(* For every $P \in S$ of degree (in $x$) greater than $0$, one has $C_S(P) \cap R = K$.
   Context: Standing conventions: $K$ is a field, $R = K[y]$, $\sigma$ is a $K$-algebra endomorphism of $R$ with $\deg_y(\sigma(y)) > 1$, and $\delta$ is a $K$-linear $\sigma$-derivation of $R$, i.e. $\delta(ab) = \sigma(a)\delta(b) + \delta(a)b$. $S = R[x;\sigma,\delta]$ is the Ore extension (polynomials $\sum r_i x^i$, $r_i\in R$, with $xr = \sigma(r)x + \delta(r)$). Degree means degree in $x$. $C_S(P)$ is the centralizer of $P$ in $S$. *)

theory Defs
  imports "HOL-Computational_Algebra.Polynomial"
begin

text \<open>R = K[y] is the type 'a poly; S = R[x; sigma, delta] is represented by
  'a poly poly (polynomials in x with coefficients in R, written sum r_i x^i,
  coefficients on the left), with the Ore multiplication defined below.\<close>

definition kalg_endo :: "('a::field poly \<Rightarrow> 'a poly) \<Rightarrow> bool" where
  "kalg_endo \<sigma> \<longleftrightarrow>
     (\<forall>a b. \<sigma> (a + b) = \<sigma> a + \<sigma> b) \<and>
     (\<forall>a b. \<sigma> (a * b) = \<sigma> a * \<sigma> b) \<and>
     \<sigma> 1 = 1 \<and>
     (\<forall>c a. \<sigma> (smult c a) = smult c (\<sigma> a))"

definition sigma_derivation ::
  "('a::field poly \<Rightarrow> 'a poly) \<Rightarrow> ('a poly \<Rightarrow> 'a poly) \<Rightarrow> bool" where
  "sigma_derivation \<sigma> \<delta> \<longleftrightarrow>
     (\<forall>a b. \<delta> (a + b) = \<delta> a + \<delta> b) \<and>
     (\<forall>c a. \<delta> (smult c a) = smult c (\<delta> a)) \<and>
     (\<forall>a b. \<delta> (a * b) = \<sigma> a * \<delta> b + \<delta> a * b)"

text \<open>Left multiplication by x:  x * (sum r_i x^i) = sum (sigma(r_i) x^(i+1) + delta(r_i) x^i).\<close>
definition ore_x ::
  "('a::field poly \<Rightarrow> 'a poly) \<Rightarrow> ('a poly \<Rightarrow> 'a poly) \<Rightarrow> 'a poly poly \<Rightarrow> 'a poly poly" where
  "ore_x \<sigma> \<delta> Q = pCons 0 (map_poly \<sigma> Q) + map_poly \<delta> Q"

definition ore_mult ::
  "('a::field poly \<Rightarrow> 'a poly) \<Rightarrow> ('a poly \<Rightarrow> 'a poly) \<Rightarrow> 'a poly poly \<Rightarrow> 'a poly poly \<Rightarrow> 'a poly poly" where
  "ore_mult \<sigma> \<delta> P Q = (\<Sum>i\<le>degree P. smult (coeff P i) ((ore_x \<sigma> \<delta> ^^ i) Q))"

definition ore_centralizer ::
  "('a::field poly \<Rightarrow> 'a poly) \<Rightarrow> ('a poly \<Rightarrow> 'a poly) \<Rightarrow> 'a poly poly \<Rightarrow> 'a poly poly set" where
  "ore_centralizer \<sigma> \<delta> P = {Q. ore_mult \<sigma> \<delta> P Q = ore_mult \<sigma> \<delta> Q P}"

end

theory Submission
  imports Defs
begin

text \<open>Constants of \<open>K\<close> commute with everything in \<open>S\<close>, since \<open>\<sigma>\<close> fixes them and \<open>\<delta>\<close> kills them.
  Conversely, if \<open>r \<in> R\<close> commutes with \<open>P\<close> of degree \<open>n > 0\<close>, comparing the coefficients of
  \<open>x\<^sup>n\<close> in \<open>rP\<close> and \<open>Pr\<close> gives \<open>r p\<^sub>n = p\<^sub>n \<sigma>\<^sup>n(r)\<close>, so \<open>\<sigma>\<^sup>n(r) = r\<close>.
  But \<open>\<sigma>\<close> is substitution of \<open>\<sigma>(y)\<close> for \<open>y\<close>, so \<open>deg \<sigma>\<^sup>n(r) = deg r \<cdot> (deg \<sigma>(y))\<^sup>n\<close>,
  which forces \<open>deg r = 0\<close>.\<close>

lemma kalg_endo_const:
  assumes "kalg_endo \<sigma>"
  shows "\<sigma> [:c:] = [:c:]"
proof -
  have "\<sigma> (smult c 1) = smult c (\<sigma> 1)" and "\<sigma> 1 = 1"
    using assms unfolding kalg_endo_def by blast+
  then show ?thesis by simp
qed

lemma kalg_endo_zero: "kalg_endo \<sigma> \<Longrightarrow> \<sigma> 0 = 0"
  using kalg_endo_const[of \<sigma> 0] by simp

lemma sigma_derivation_const:
  assumes "sigma_derivation \<sigma> \<delta>" and "kalg_endo \<sigma>"
  shows "\<delta> [:c:] = 0"
proof -
  have "\<delta> (1 * 1) = \<sigma> 1 * \<delta> 1 + \<delta> 1 * 1" and "\<sigma> 1 = 1"
    using assms unfolding sigma_derivation_def kalg_endo_def by blast+
  then have "\<delta> 1 = 0" by (metis add_cancel_right_left mult_1 mult_1_right)
  moreover have "\<delta> (smult c 1) = smult c (\<delta> 1)"
    using assms(1) unfolding sigma_derivation_def by blast
  ultimately show ?thesis by simp
qed

lemma sigma_derivation_zero: "sigma_derivation \<sigma> \<delta> \<Longrightarrow> kalg_endo \<sigma> \<Longrightarrow> \<delta> 0 = 0"
  using sigma_derivation_const[of \<sigma> \<delta> 0] by simp

lemma kalg_endo_eq_pcompose:
  assumes "kalg_endo \<sigma>"
  shows "\<sigma> r = pcompose r (\<sigma> [:0, 1:])"
proof (induction r)
  case 0
  then show ?case using kalg_endo_zero[OF assms] by simp
next
  case (pCons a p)
  have "\<sigma> ([:a:] + [:0, 1:] * p) = \<sigma> [:a:] + \<sigma> [:0, 1:] * \<sigma> p"
    using assms unfolding kalg_endo_def by metis
  moreover have "[:a:] + [:0, 1:] * p = pCons a p" by simp
  ultimately show ?case
    using pCons kalg_endo_const[OF assms] by (simp add: pcompose_pCons)
qed

lemma degree_kalg_endo_funpow:
  assumes "kalg_endo \<sigma>"
  shows "degree ((\<sigma> ^^ n) r) = degree r * degree (\<sigma> [:0, 1:]) ^ n"
  by (induction n)
    (simp_all add: kalg_endo_eq_pcompose[OF assms, of "(\<sigma> ^^ _) r"] degree_pcompose)

lemma kalg_endo_funpow_fixed_imp_const:
  assumes "kalg_endo \<sigma>" and "degree (\<sigma> [:0, 1:]) > 1" and "n > 0"
    and "(\<sigma> ^^ n) r = r"
  shows "degree r = 0"
proof (rule ccontr)
  assume "degree r \<noteq> 0"
  moreover have "degree (\<sigma> [:0, 1:]) ^ n > 1"
    using assms(2,3) one_less_power by blast
  ultimately have "degree r < degree r * degree (\<sigma> [:0, 1:]) ^ n" by simp
  also have "\<dots> = degree ((\<sigma> ^^ n) r)"
    by (rule degree_kalg_endo_funpow[OF assms(1), symmetric])
  also have "\<dots> = degree r"
    using assms(4) by simp
  finally show False by simp
qed

context
  fixes \<sigma> \<delta> :: "'a::field poly \<Rightarrow> 'a poly"
  assumes endo: "kalg_endo \<sigma>" and deriv: "sigma_derivation \<sigma> \<delta>"
begin

lemma coeff_ore_x:
  "coeff (ore_x \<sigma> \<delta> Q) j = (case j of 0 \<Rightarrow> 0 | Suc k \<Rightarrow> \<sigma> (coeff Q k)) + \<delta> (coeff Q j)"
  using kalg_endo_zero[OF endo] sigma_derivation_zero[OF deriv endo]
  by (simp add: ore_x_def coeff_map_poly coeff_pCons split: nat.split)

lemma ore_x_degree_le:
  assumes "degree Q \<le> i"
  shows "degree (ore_x \<sigma> \<delta> Q) \<le> Suc i"
    and "coeff (ore_x \<sigma> \<delta> Q) (Suc i) = \<sigma> (coeff Q i)"
proof -
  have "coeff Q j = 0" if "i < j" for j
    using assms that by (simp add: coeff_eq_0)
  then show "degree (ore_x \<sigma> \<delta> Q) \<le> Suc i"
    using kalg_endo_zero[OF endo] sigma_derivation_zero[OF deriv endo]
    by (intro degree_le) (auto simp: coeff_ore_x split: nat.split)
  show "coeff (ore_x \<sigma> \<delta> Q) (Suc i) = \<sigma> (coeff Q i)"
    using assms sigma_derivation_zero[OF deriv endo] by (simp add: coeff_ore_x coeff_eq_0)
qed

lemma ore_x_funpow_const:
  "degree ((ore_x \<sigma> \<delta> ^^ i) [:r:]) \<le> i"
  "coeff ((ore_x \<sigma> \<delta> ^^ i) [:r:]) i = (\<sigma> ^^ i) r"
  by (induction i) (simp_all add: ore_x_degree_le)

lemma ore_x_funpow_scalar: "(ore_x \<sigma> \<delta> ^^ i) [:[:c:]:] = monom [:c:] i"
proof (induction i)
  case 0
  then show ?case by (simp add: monom_0)
next
  case (Suc i)
  have "ore_x \<sigma> \<delta> (monom [:c:] i) = monom [:c:] (Suc i)"
    using kalg_endo_const[OF endo, of c] sigma_derivation_const[OF deriv endo, of c]
      kalg_endo_zero[OF endo] sigma_derivation_zero[OF deriv endo]
    by (intro poly_eqI) (simp add: coeff_ore_x coeff_monom split: nat.split)
  then show ?case using Suc by simp
qed

lemma ore_mult_const_left: "ore_mult \<sigma> \<delta> [:r:] P = smult r P"
  by (simp add: ore_mult_def)

lemma ore_mult_scalar_right: "ore_mult \<sigma> \<delta> P [:[:c:]:] = smult [:c:] P"
proof -
  have "ore_mult \<sigma> \<delta> P [:[:c:]:] = (\<Sum>i\<le>degree P. monom (coeff P i) i * [:[:c:]:])"
    unfolding ore_mult_def ore_x_funpow_scalar
    by (intro sum.cong) (simp_all add: smult_monom mult.commute)
  also have "\<dots> = P * [:[:c:]:]"
    by (simp only: sum_distrib_right[symmetric] poly_as_sum_of_monoms)
  finally show ?thesis by (simp add: mult.commute)
qed

lemma coeff_ore_mult_const_right:
  "coeff (ore_mult \<sigma> \<delta> P [:r:]) (degree P) = lead_coeff P * (\<sigma> ^^ degree P) r"
proof -
  let ?n = "degree P"
  have "coeff ((ore_x \<sigma> \<delta> ^^ i) [:r:]) ?n = 0" if "i < ?n" for i
    using ore_x_funpow_const(1)[of i r] that by (simp add: coeff_eq_0)
  then have "coeff (ore_mult \<sigma> \<delta> P [:r:]) ?n
      = (\<Sum>i\<in>{?n}. coeff P i * coeff ((ore_x \<sigma> \<delta> ^^ i) [:r:]) ?n)"
    unfolding ore_mult_def coeff_sum coeff_smult
    by (intro sum.mono_neutral_right) auto
  then show ?thesis by (simp add: ore_x_funpow_const(2))
qed

end

theorem lemma2p2:
  fixes \<sigma> \<delta> :: "'a::field poly \<Rightarrow> 'a poly" and P :: "'a poly poly"
  assumes "kalg_endo \<sigma>"
    and "degree (\<sigma> [:0, 1:]) > 1"
    and "sigma_derivation \<sigma> \<delta>"
    and "degree P > 0"
  shows "ore_centralizer \<sigma> \<delta> P \<inter> range (\<lambda>r. [:r:]) = range (\<lambda>c. [:[:c:]:])"
proof (intro equalityI subsetI)
  fix Q assume "Q \<in> ore_centralizer \<sigma> \<delta> P \<inter> range (\<lambda>r. [:r:])"
  then obtain r where Q: "Q = [:r:]" and commute: "ore_mult \<sigma> \<delta> P [:r:] = smult r P"
    by (auto simp: ore_centralizer_def ore_mult_const_left[OF assms(1,3)])
  have "lead_coeff P * (\<sigma> ^^ degree P) r = lead_coeff P * r"
    using coeff_ore_mult_const_right[OF assms(1,3), of P r]
    by (simp only: commute coeff_smult mult.commute)
  moreover have "lead_coeff P \<noteq> 0" using assms(4) by auto
  ultimately have "(\<sigma> ^^ degree P) r = r" by simp
  then have "degree r = 0"
    by (rule kalg_endo_funpow_fixed_imp_const[OF assms(1,2,4)])
  then show "Q \<in> range (\<lambda>c. [:[:c:]:])"
    using Q by (auto elim: degree_eq_zeroE)
next
  fix Q :: "'a poly poly" assume "Q \<in> range (\<lambda>c. [:[:c:]:])"
  then show "Q \<in> ore_centralizer \<sigma> \<delta> P \<inter> range (\<lambda>r. [:r:])"
    by (auto simp: ore_centralizer_def ore_mult_const_left[OF assms(1,3)]
        ore_mult_scalar_right[OF assms(1,3)])
qed

end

------------------------------------------------------------

Work item ::
Lines of the listing above that hold the string "imports" should each be copied.

Task output ::
  imports "HOL-Computational_Algebra.Polynomial"
  imports Defs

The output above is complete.